+++ Provided information
definition bin_weight :: "(real \<times> bool) measure \<Rightarrow> nat \<Rightarrow> nat \<Rightarrow> real" where
  "bin_weight D m i = (\<integral>z. rwt m i (fst z) \<partial>D)"

definition bin_mean :: "(real \<times> bool) measure \<Rightarrow> nat \<Rightarrow> nat \<Rightarrow> real" where
  "bin_mean D m i = (if bin_weight D m i = 0 then 0
      else (\<integral>z. rwt m i (fst z) * (if snd z then 1 else 0) \<partial>D) / bin_weight D m i)"

definition SCDL_m :: "(real \<times> bool) measure \<Rightarrow> nat \<Rightarrow> real" where
  "SCDL_m D m = Max ((\<lambda>i.
      (\<Sum>j\<in>{0..i}. bin_weight D m j * pospart (bin_mean D m j - real (i + 1) / real m))
    + (\<Sum>j\<in>{i+1..m}. bin_weight D m j * pospart (real i / real m - bin_mean D m j))) ` {0..m})"

definition SCDL :: "(real \<times> bool) measure \<Rightarrow> real" where
  "SCDL D = (INF k\<in>{1::nat..}. max (SCDL_m D (2 ^ k)) (1 / 2 ^ k))"

end

(*
  Write SCDL D = inf_k max (b_k, 2^-k) with b_k = SCDL_{2^k} D. The sequence b_k is
  nondecreasing: a tent of width 1/m is a combination of three tents of width 1/(2m), so every
  cut at level m is dominated by the average of two cuts at level 2m. And it is Lipschitz in the
  predictions at scale 2^k: under a coupling, each bin weight moves by at most 2^k |p1 - p2|, so
  b_k(D1) <= b_k(D2) + 8 * 2^k * E. For any nondecreasing bounded b, such a perturbation changes
  the square of the infimum by O(E): if the infimum is at least sqrt E, it is attained at some
  k with 2^k of the order of its inverse, and the perturbation costs O(E / SCDL); otherwise take
  2^-k close to sqrt E, where both terms are O(sqrt E).
*)

theory Submission
  imports Defs
begin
++++++
**What you need to do**
Find "sqrt" in the data above. Report each line where it appears.

**Response**
  the square of the infimum by O(E): if the infimum is at least sqrt E, it is attained at some
  2^-k close to sqrt E, where both terms are O(sqrt E).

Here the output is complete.